好きって言ってよ ~先輩、溺愛しすぎですっ~

「待たせてごめんね?」

「それは全然ですっ! でも、先輩とこれからはもっと一緒にいられると思うとすごい嬉しいです…」

「ん~! ぎゅ!」



かわいいことを言う小糸ちゃんをぎゅっと抱きしめてしっかり手をつないだ。



俺も最高の気分だ。



「じゃあ、終わったことだし…デートでもしよっか?」

「デート~! 超…したいです」

「どこ行こうね~」

「先輩とだったらどこでも嬉しいです」



そんな嬉しいこと言ってたらどこも決まらないじゃないか…。



ん~、まあちょっと考えておこう。



それから穂高にも連絡した。



『まじで! すっげえな! おめでとう!』



ありがとう~…。



そして、直くん…。



同じ大学の学科を目指していたから、ちょっと言いづらい…。



でも直くんは推薦受けてないからね。



予備校の先生に挨拶しがてら直くんにも会いに行った。



「風里~、どうだった?」

「無事…合格しました…」

「うわ~、まじかー! おめでと! 一足先に抜けるってわけね…。

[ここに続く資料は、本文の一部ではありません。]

definition share_rel :: "('e list \<times> 'v list) set \<Rightarrow> (('e list \<times> 'v list) \<times> ('e list \<times> 'v list)) set" where
  "share_rel Ps = {(P,Q). P \<in> Ps \<and> Q \<in> Ps \<and> path_edges P \<inter> path_edges Q \<noteq> {}}"

definition path_groups :: "('e list \<times> 'v list) set \<Rightarrow> ('e list \<times> 'v list) set set" where
  "path_groups Ps = Ps // ((share_rel Ps)\<^sup>+)"

definition group_edges :: "('e list \<times> 'v list) set \<Rightarrow> 'e set" where
  "group_edges G = (\<Union>P\<in>G. path_edges P)"

definition two_paths :: "'e set \<Rightarrow> ('e \<Rightarrow> 'v \<times> 'v) \<Rightarrow> ('v \<Rightarrow> enat) \<Rightarrow> ('e list \<times> 'v list) set" where
  "two_paths E ends m = {P. adm_path E ends m P \<and> hd (snd P) \<noteq> last (snd P)}"

definition segs2 :: "'e set \<Rightarrow> ('e \<Rightarrow> 'v \<times> 'v) \<Rightarrow> ('v \<Rightarrow> enat) \<Rightarrow> 'e set set" where
  "segs2 E ends m = group_edges ` path_groups (two_paths E ends m)"

definition one_paths :: "'e set \<Rightarrow> ('e \<Rightarrow> 'v \<times> 'v) \<Rightarrow> ('v \<Rightarrow> enat) \<Rightarrow> ('e list \<times> 'v list) set" where
  "one_paths E ends m = {P. adm_path E ends m P \<and> hd (snd P) = last (snd P) \<and>
      path_edges P \<subseteq> E - \<Union>(segs2 E ends m)}"

definition segs1 :: "'e set \<Rightarrow> ('e \<Rightarrow> 'v \<times> 'v) \<Rightarrow> ('v \<Rightarrow> enat) \<Rightarrow> 'e set set" where
  "segs1 E ends m = group_edges ` path_groups (one_paths E ends m)"

definition segments :: "'e set \<Rightarrow> ('e \<Rightarrow> 'v \<times> 'v) \<Rightarrow> ('v \<Rightarrow> enat) \<Rightarrow> 'e set set" where
  "segments E ends m = segs2 E ends m \<union> segs1 E ends m"

definition edge_verts :: "('e \<Rightarrow> 'v \<times> 'v) \<Rightarrow> 'e set \<Rightarrow> 'v set" where
  "edge_verts ends S = fst ` ends ` S \<union> snd ` ends ` S"

definition has_segment_decomposition ::
  "'v set \<Rightarrow> 'e set \<Rightarrow> ('e \<Rightarrow> 'v \<times> 'v) \<Rightarrow> ('v \<Rightarrow> enat) \<Rightarrow> bool" where
  "has_segment_decomposition V E ends m \<longleftrightarrow>
     (\<forall>G\<in>path_groups (two_paths E ends m). \<exists>v v'. \<forall>P\<in>G. path_ends P = {v, v'}) \<and>
     (\<forall>e\<in>E - \<Union>(segs2 E ends m). \<exists>P\<in>one_paths E ends m. e \<in> path_edges P) \<and>
     (\<forall>G\<in>path_groups (one_paths E ends m). \<exists>v. \<forall>P\<in>G. path_ends P = {v}) \<and>
     (\<forall>S\<in>segments E ends m. \<forall>S'\<in>segments E ends m. S \<noteq> S' \<longrightarrow>
         S \<inter> S' = {} \<and> edge_verts ends S \<inter> edge_verts ends S' \<subseteq> {v. ramified m v}) \<and>
     \<Union>(segments E ends m) = E \<and>
     (\<Union>S\<in>segments E ends m. edge_verts ends S) = V"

俺も頑張らねえと…」



直くんは爽やかだった。



彼女の加奈乃ちゃんには思いっきり悔しがられたけど。



「来年入学するときは絶対一緒に入学しような!」

「うん、俺が言うのもなんだけど…応援してる」

「くそ~、やっぱ悔しいな! でもありがと!」



長らくお世話になったこの予備校にももう来ることはない。



そう思うとちょっと寂しいけど…。



でも何よりも解放感が半端ない。



受験勉強からも受験用の美術からも解放される…。



これからはずっと俺だけのアートをやってて良いわけだ…。



小糸ちゃんとももっと会う時間を増やせる。



そう思うと心が弾んだ。



まずは何を作ろうか。



たまっていた分、最高のものが作れそうな気がした。